Sayap di belakang punggungnya perlahan masuk ke dalam tubuhnya saat dia meninggalkan keadaan Transformasi Naga-Harimau, dan Zhou Weiqing mengarahkan Palunya ke arah Zhan LingTian, berteriak dingin: “Kau telah kalah.”
Memang, Zhan LingTian telah kalah. Meskipun dia memiliki Set Legendaris, yang dirancang khusus untuk Tombak Ilahi Terang-Gelapnya… dia tetap kalah.
Zirah Zhan LingTian tidak mampu menahan pukulan terakhir, dan begitu pukulan palu brutal Zhou Weiqing mendarat, zirah Konsolidasi di sekitar bahu Zhan LingTian hancur total. Pada saat yang sama, seluruh bahunya hancur, Energi Surgawi di tubuhnya hampir sepenuhnya tercerai-berai akibat pukulan tersebut. Pertahanannya jauh dari mampu menahan pukulan seperti itu dari Zhou Weiqing.
Zhan LingTian tidak lagi memiliki kemampuan untuk bertarung. Dia tidak pernah membayangkan bahwa bahkan dengan pukulan dahsyat yang mengerahkan seluruh kekuatannya, pada akhirnya dia tetap tidak mampu mengalahkan Zhou Weiqing. Kerusakan akibat pukulan palu terakhir ini, dia perlu berkultivasi dan memulihkan diri setidaknya selama setengah tahun hingga satu tahun sebelum dia dapat pulih sepenuhnya. Ini adalah perkiraan yang bahkan setelah bantuan obat-obatan Pulau Permata Surgawi yang berharga.

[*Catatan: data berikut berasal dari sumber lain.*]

(* Let $R>1$ and, in the upper half-plane model, let $\ell$ have endpoints $\pm R^{-1}$ (transversely oriented towards $0$) and $\ell'$ have endpoints $\pm R$ (transversely oriented towards $\infty$). For $\epsilon\in\{1,-1\}$ and $t\in\mathbb{R}$ let $$P_\epsilon(t)=\begin{bmatrix}1-t & -\epsilon R^{-1}t\\ \epsilon Rt & 1+t\end{bmatrix},\qquad P'_\epsilon(t)=\begin{bmatrix}1+t & -\epsilon Rt\\ \epsilon R^{-1}t & 1-t\end{bmatrix}\in G_0.$$ Let $h\in G_0$ be represented by $\begin{pmatrix}a&b\\c&d\end{pmatrix}$ with $ad-bc=1$, and suppose $|aR+\varepsilon' b+\varepsilon c+\varepsilon\varepsilon' dR^{-1}|<|R+\varepsilon\varepsilon' R^{-1}|$ for all $\varepsilon,\varepsilon'\in\{1,-1\}$, and that $h$ is not represented by a diagonal matrix. Then at least one of the following holds: one of the curves $(hP'_+(t))_{t>0}$, $(hP'_-(t))_{t>0}$ intersects $\mathsf{SQ}(\ell)$ transversely, or one of the curves $(P_+(t)^{-1}h)_{t>0}$, $(P_-(t)^{-1}h)_{t>0}$ intersects $\mathsf{SQ}(\ell')^{-1}$ transversely.
   Context: $G_0=\mathrm{PSL}_2(\mathbb{R})$ (a $3$-manifold, identified with $\mathrm{AdS}^3$) acts on the upper half-plane by Möbius transformations; $[\cdot]$ denotes the class of a matrix. For a transversely oriented geodesic line $\ell$, the stem quadrant $\mathsf{SQ}(\ell)\subset G_0$ is the set of hyperbolic elements whose translation axis is orthogonal to $\ell$ and which translate towards the positive side of $\ell$; it is a $2$-dimensional surface in $G_0$. $\mathsf{SQ}(\ell')^{-1}=\{h^{-1}:h\in\mathsf{SQ}(\ell')\}$. Transverse intersection is meant in the sense of a curve meeting a surface transversely in $G_0$. *)

theory Defs
  imports "HOL-Analysis.Analysis"
begin

text \<open>Elements of PSL(2,R) are represented by matrices in SL(2,R) (type real^2^2,
  determinant 1).  Subsets of PSL(2,R) are represented by their (sign-symmetric)
  preimages in SL(2,R); a curve in PSL(2,R) by a lift to SL(2,R).
  Points of the boundary RP^1 = R \<union> {\<infinity>} of the upper half-plane are represented by
  nonzero column vectors (x,y) (standing for x/y), and a matrix acts on them by
  matrix-vector multiplication (this is the Moebius action).\<close>

type_synonym mat2 = "real^2^2"

definition mk2 :: "real \<Rightarrow> real \<Rightarrow> real \<Rightarrow> real \<Rightarrow> mat2" where
  "mk2 a b c d = vector [vector [a, b], vector [c, d]]"

definition SL2 :: "mat2 set" where
  "SL2 = {A. det A = 1}"

definition tr2 :: "mat2 \<Rightarrow> real" where
  "tr2 A = A$1$1 + A$2$2"

definition hyperbolic :: "mat2 \<Rightarrow> bool" where
  "hyperbolic A \<longleftrightarrow> det A = 1 \<and> \<bar>tr2 A\<bar> > 2"

definition eigvec :: "mat2 \<Rightarrow> real^2 \<Rightarrow> real \<Rightarrow> bool" where
  "eigvec A v lam \<longleftrightarrow> v \<noteq> 0 \<and> A *v v = lam *s v"

text \<open>For a hyperbolic element, the attracting (resp. repelling) fixed point on the
  boundary is the eigenline of the eigenvalue of absolute value > 1 (resp. < 1); the
  translation axis is the geodesic joining them, oriented from repelling to attracting.\<close>

definition br :: "real^2 \<Rightarrow> real^2 \<Rightarrow> real" where
  "br x y = x$1 * y$2 - x$2 * y$1"

text \<open>Two geodesics with endpoint pairs {p,q} and {u,v} meet orthogonally iff the
  endpoint pairs are harmonic (cross-ratio -1).\<close>
definition harmonic :: "real^2 \<Rightarrow> real^2 \<Rightarrow> real^2 \<Rightarrow> real^2 \<Rightarrow> bool" where
  "harmonic p q u v \<longleftrightarrow> br p u * br q v + br p v * br q u = 0"

text \<open>A transversely oriented geodesic is given by its endpoints u, v and the set Pos
  of boundary points lying on its positive side.  The stem quadrant: hyperbolic
  elements whose axis is orthogonal to the geodesic and whose attracting fixed point
  lies on the positive side.\<close>
definition stem_quadrant :: "real^2 \<Rightarrow> real^2 \<Rightarrow> (real^2 \<Rightarrow> bool) \<Rightarrow> mat2 set" where
  "stem_quadrant u v Pos = {A. hyperbolic A \<and>
     (\<exists>p q lp lq. eigvec A p lp \<and> eigvec A q lq \<and> \<bar>lp\<bar> > 1 \<and> \<bar>lq\<bar> < 1 \<and>
        harmonic p q u v \<and> Pos p)}"

text \<open>ell: endpoints -1/R, 1/R, positive side towards 0.\<close>
definition SQ_ell :: "real \<Rightarrow> mat2 set" where
  "SQ_ell R = stem_quadrant (vector [-1/R, 1]) (vector [1/R, 1])
      (\<lambda>p. R * \<bar>p$1\<bar> < \<bar>p$2\<bar>)"

text \<open>ell': endpoints -R, R, positive side towards infinity.\<close>
definition SQ_ell' :: "real \<Rightarrow> mat2 set" where
  "SQ_ell' R = stem_quadrant (vector [-R, 1]) (vector [R, 1])
      (\<lambda>p. \<bar>p$1\<bar> > R * \<bar>p$2\<bar>)"

definition set_inv :: "mat2 set \<Rightarrow> mat2 set" where
  "set_inv S = matrix_inv ` S"

definition Pmat :: "real \<Rightarrow> real \<Rightarrow> real \<Rightarrow> mat2" where
  "Pmat R e t = mk2 (1 - t) (- e * t / R) (e * R * t) (1 + t)"

definition Pmat' :: "real \<Rightarrow> real \<Rightarrow> real \<Rightarrow> mat2" where
  "Pmat' R e t = mk2 (1 + t) (- e * R * t) (e * t / R) (1 - t)"

text \<open>Tangent vectors to a subset S at p: velocities at 0 of curves lying in S and
  passing through p at time 0 (for an embedded submanifold this is its tangent space).\<close>
definition tangent_vectors :: "mat2 set \<Rightarrow> mat2 \<Rightarrow> mat2 set" where
  "tangent_vectors S p = {w. \<exists>c. (\<forall>s. c s \<in> S) \<and> c 0 = p \<and>
       (c has_vector_derivative w) (at 0)}"

definition meets_transversely :: "(real \<Rightarrow> mat2) \<Rightarrow> real set \<Rightarrow> mat2 set \<Rightarrow> bool" where
  "meets_transversely gamma I S \<longleftrightarrow>
     (\<exists>t\<in>I. gamma t \<in> S \<and>
        (\<exists>w. (gamma has_vector_derivative w) (at t) \<and> w \<notin> tangent_vectors S (gamma t)))"

end

theory Submission
  imports Defs
begin

text \<open>
  A hyperbolic element whose axis is orthogonal to a geodesic with endpoints u, v satisfies a
  linear equation in its entries; for SQ(ell) this is A21 + R^2 A12 = 0.  Since
  P'(t) = I + t N with N nilpotent, every curve h P'(t) is an affine line in the matrix
  space, so it meets this hyperplane exactly once and transversely as soon as it is not
  parallel to it.  At the crossing point the hypotheses on h make the trace exceed 2 in
  absolute value and put the attracting fixed point on the positive side of ell, so the point
  lies in SQ(ell).  The crossing time is positive for one of the two signs unless
  h21 + R^2 h12 = 0; this sign argument uses only the determinant and the box bounds on h.
  In the remaining case the transpose of h does not lie on the hyperplane.  Because
  transposition equals inversion followed by conjugation with z \<mapsto> -1/z, which exchanges
  ell and ell', it maps SQ(ell) onto SQ(ell')^-1 and the curves h^T P'(t) onto the
  curves P(t)^-1 h, giving the second alternative.
\<close>

lemma mk2_nth [simp]:
  "mk2 a b c d $ 1 $ 1 = a" "mk2 a b c d $ 1 $ 2 = b"
  "mk2 a b c d $ 2 $ 1 = c" "mk2 a b c d $ 2 $ 2 = d"
  by (simp_all add: mk2_def)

Zhou Weiqing telah memenangkan pertarungan antara saingan cinta ini, tetapi saat dia mengucapkan kata-kata ‘Kau telah kalah’, matanya tanpa sadar beralih ke pihak lain.

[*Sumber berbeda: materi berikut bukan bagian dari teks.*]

(* Let $G=(V,E)$ be a transient graph that is connected, simple, and locally finite, with a fixed vertex $o$ and a fixed rotor mechanism $(m_x)_{x\in V}$. If $\rho_{\min}$ is a rotor configuration such that, for every vertex $x\in V$ and every outgoing edge $(x,y)$ of $x$, \[ w(\rho_{\min}(x))\leq w(x,y), \] then \[ \lim_{n\to\infty}\frac{I(\rho_{\min},n)}{n}=\alpha_G. \]
   Context: $G=(V,E)$ is connected, simple (no loops or multiple edges), locally finite, and $o\in V$ is a fixed vertex. For $x\in V$, $\mathcal{E}_x$ is the set of outgoing directed edges $(x,y)$ with $y$ a neighbor of $x$ (written $y\sim x$), and $\deg(x)=|\mathcal{E}_x|$. A rotor mechanism is a choice, for each $x$, of a bijection $m_x:\mathcal{E}_x\to\mathcal{E}_x$ having exactly one orbit. A rotor configuration is a map $\rho$ assigning to each $x\in V$ an edge $\rho(x)\in\mathcal{E}_x$. $\mathcal{G}(x)$ (the Green function) is the expected number of visits to $x$ by simple random walk on $G$ started at $o$ (finite since $G$ is transient). $\alpha_G$ is the probability that simple random walk started at $o$ never returns to $o$. Weight of a directed edge $(x,y)$: writing $(x,y_i):=m_x^i(x,y)$ (the edge obtained from $(x,y)$ by applying $m_x$ $i$ times), \[ w(x,y):=\frac{-1}{\deg(x)}\sum_{i=0}^{\deg(x)-1} i\,\frac{\mathcal{G}(y_{i+1})}{\deg(y_{i+1})}. \] Experiment: given an initial rotor configuration $\rho$ and $n\geq1$, define particle positions $X_t^{(0)},\dots,X_t^{(n-1)}$ and configurations $\rho_t$ for $t\ge 0$ by: $X_0^{(i)}=o$ for all $i$ and $\rho_0=\rho$. Let $i_t:=t+1 \bmod n$. Particle $i$ is said to have returned to $o$ by time $t$ if $X_t^{(i)}=o$ and $X_s^{(i)}\neq o$ for some $s<t$. If particle $i_t$ has returned to $o$ by time $t$, then $\rho_{t+1}=\rho_t$ and $X_{t+1}^{(i)}=X_t^{(i)}$ for all $i$. Otherwise, $\rho_{t+1}(x)=m_x(\rho_t(x))$ if $x=X_t^{(i_t)}$ and $\rho_{t+1}(x)=\rho_t(x)$ otherwise; $X_{t+1}^{(i_t)}$ is the target vertex of the edge $\rho_{t+1}(X_t^{(i_t)})$, and $X_{t+1}^{(i)}=X_t^{(i)}$ for $i\neq i_t$. $I(\rho,n)$ denotes the number of particles $i\in\{0,\dots,n-1\}$ that never return to $o$. *)

theory Defs
  imports Complex_Main
begin
lemma dominated_graph_extension_constant:
  assumes p: "sublinear p" and G: "dominated_graph p G"
  obtains c where "\<And>m y t. (m, y) \<in> G \<Longrightarrow> y + t * c \<le> p (m + t *\<^sub>R x0)"
proof -
  obtain c where below: "\<And>m y. (m, y) \<in> G \<Longrightarrow> y - p (m - x0) \<le> c"
    and above: "\<And>m y. (m, y) \<in> G \<Longrightarrow> c \<le> p (m + x0) - y"
    using dominated_graph_extension_bounds[OF p G] by blast
  have sub: "subspace G" and le: "\<And>m y. (m, y) \<in> G \<Longrightarrow> y \<le> p m"
    using G unfolding dominated_graph_def by auto
  have phom: "r > 0 \<Longrightarrow> p (r *\<^sub>R x) \<le> r * p x" for x r
    using p unfolding sublinear_def by auto
  have "y + t * c \<le> p (m + t *\<^sub>R x0)" if my: "(m, y) \<in> G" for m y t
  proof (cases t "0::real" rule: linorder_cases)
    case less
    have "(inverse (- t) *\<^sub>R m, inverse (- t) * y) \<in> G"
      using subspace_scale[OF sub my, of "inverse (- t)"] by simp
    then have "inverse (- t) * y - p (inverse (- t) *\<^sub>R m - x0) \<le> c" by (rule below)
    moreover have "inverse (- t) *\<^sub>R (m + t *\<^sub>R x0) = inverse (- t) *\<^sub>R m - x0"
      using less by (simp add: algebra_simps)
    then have "p (inverse (- t) *\<^sub>R m - x0) \<le> inverse (- t) * p (m + t *\<^sub>R x0)"
      using phom[of "inverse (- t)" "m + t *\<^sub>R x0"] less by simp
    ultimately have "inverse (- t) * (y + t * c) \<le> inverse (- t) * p (m + t *\<^sub>R x0)"
      using less by (simp add: algebra_simps)
    then show ?thesis using less by simp
  next
    case equal
    then show ?thesis using le[OF my] by simp
  next
    case greater
    have "(inverse t *\<^sub>R m, inverse t * y) \<in> G"
      using subspace_scale[OF sub my, of "inverse t"] by simp
    then have "c \<le> p (inverse t *\<^sub>R m + x0) - inverse t * y" by (rule above)
    moreover have "inverse t *\<^sub>R (m + t *\<^sub>R x0) = inverse t *\<^sub>R m + x0"
      using greater by (simp add: algebra_simps)
    then have "p (inverse t *\<^sub>R m + x0) \<le> inverse t * p (m + t *\<^sub>R x0)"
      using phom[of "inverse t" "m + t *\<^sub>R x0"] greater by simp
    ultimately have "inverse t * (y + t * c) \<le> inverse t * p (m + t *\<^sub>R x0)"
      using greater by (simp add: algebra_simps)
    then show ?thesis using greater by simp
  qed
  then show ?thesis using that by blast
qed

lemma mem_span_insert_subspace:
  fixes G :: "('v::real_vector \<times> real) set"
  assumes "subspace G"
  shows "(x, y) \<in> span (insert (x0, c) G) \<longleftrightarrow> (\<exists>t. (x - t *\<^sub>R x0, y - t * c) \<in> G)"
proof -
  have span_G: "span G = G" using assms by simp
  show ?thesis unfolding span_breakdown_eq span_G by simp
qed

lemma single_valued_span_insert:
  fixes G :: "('v::real_vector \<times> real) set"
  assumes sub: "subspace G" and sv: "single_valued G" and x0: "x0 \<notin> Domain G"
  shows "single_valued (span (insert (x0, c) G))"
proof (rule single_valuedI)
  fix x y z assume "(x, y) \<in> span (insert (x0, c) G)" "(x, z) \<in> span (insert (x0, c) G)"
  then obtain s t where s: "(x - s *\<^sub>R x0, y - s * c) \<in> G" and t: "(x - t *\<^sub>R x0, z - t * c) \<in> G"
    unfolding mem_span_insert_subspace[OF sub] by blast
  have "(x - t *\<^sub>R x0, z - t * c) - (x - s *\<^sub>R x0, y - s * c) \<in> G"
    using subspace_diff[OF sub t s] .
  then have diff: "((s - t) *\<^sub>R x0, (z - t * c) - (y - s * c)) \<in> G"
    by (simp add: algebra_simps)
  \<comment> \<open>If the coefficients of x0 differed, x0 would lie in the domain of G.\<close>
  have "s = t"
  proof (rule ccontr)
    assume "s \<noteq> t"
    have "inverse (s - t) *\<^sub>R ((s - t) *\<^sub>R x0, (z - t * c) - (y - s * c)) \<in> G"
      using subspace_scale[OF sub diff] .
    then have "(x0, inverse (s - t) * ((z - t * c) - (y - s * c))) \<in> G"
      using \<open>s \<noteq> t\<close> by simp
    then show False using x0 by blast
  qed
  then have "y - s * c = z - s * c" using single_valuedD[OF sv s] t by blast
  then show "y = z" by simp
qed

lemma dominated_graph_extend:
  assumes p: "sublinear p" and G: "dominated_graph p G" and x0: "x0 \<notin> Domain G"
  obtains G' where "dominated_graph p G'" "G \<subset> G'"
proof -
  obtain c where c: "\<And>m y t. (m, y) \<in> G \<Longrightarrow> y + t * c \<le> p (m + t *\<^sub>R x0)"
    using dominated_graph_extension_constant[OF p G] by blast
  have sub: "subspace G" and sv: "single_valued G"
    using G unfolding dominated_graph_def by auto
  define G' where "G' = span (insert (x0, c) G)"
  have "\<forall>(x, y)\<in>G'. y \<le> p x"
  proof clarify
    fix x y assume "(x, y) \<in> G'"
    then obtain t where "(x - t *\<^sub>R x0, y - t * c) \<in> G"
      unfolding G'_def mem_span_insert_subspace[OF sub] by blast
    from c[OF this, of t] show "y \<le> p x" by simp
  qed
  then have "dominated_graph p G'"
    unfolding dominated_graph_def G'_def using single_valued_span_insert[OF sub sv x0] by simp
  moreover have "G \<subset> G'"
  proof -
    have "G \<subseteq> G'" "(x0, c) \<in> G'" unfolding G'_def by (auto intro: span_base)
    moreover have "(x0, c) \<notin> G" using x0 by blast
    ultimately show ?thesis by blast
  qed
  ultimately show ?thesis using that by blast
qed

Tiga wanita muda, tampak persis sama, dengan kecantikan menakjubkan yang mampu menggulingkan kerajaan, bergegas menuju mereka dengan kecepatan yang mengejutkan. Dalam sekejap, mereka muncul di depan Zhou Weiqing.
Mungkin tragedi sebenarnya adalah bahwa ketiga wanita cantik ini hanya memperhatikan Zhou Weiqing, tak satu pun dari mereka memperhatikan Zhan LingTian yang telah terhempas.
“Si Gemuk Kecil!” Sebuah suara… begitu familiar… suara yang telah ia impikan berkali-kali… tiba-tiba terdengar. Pada saat itu, Zhou Weiqing merasakan seluruh jiwanya bergetar.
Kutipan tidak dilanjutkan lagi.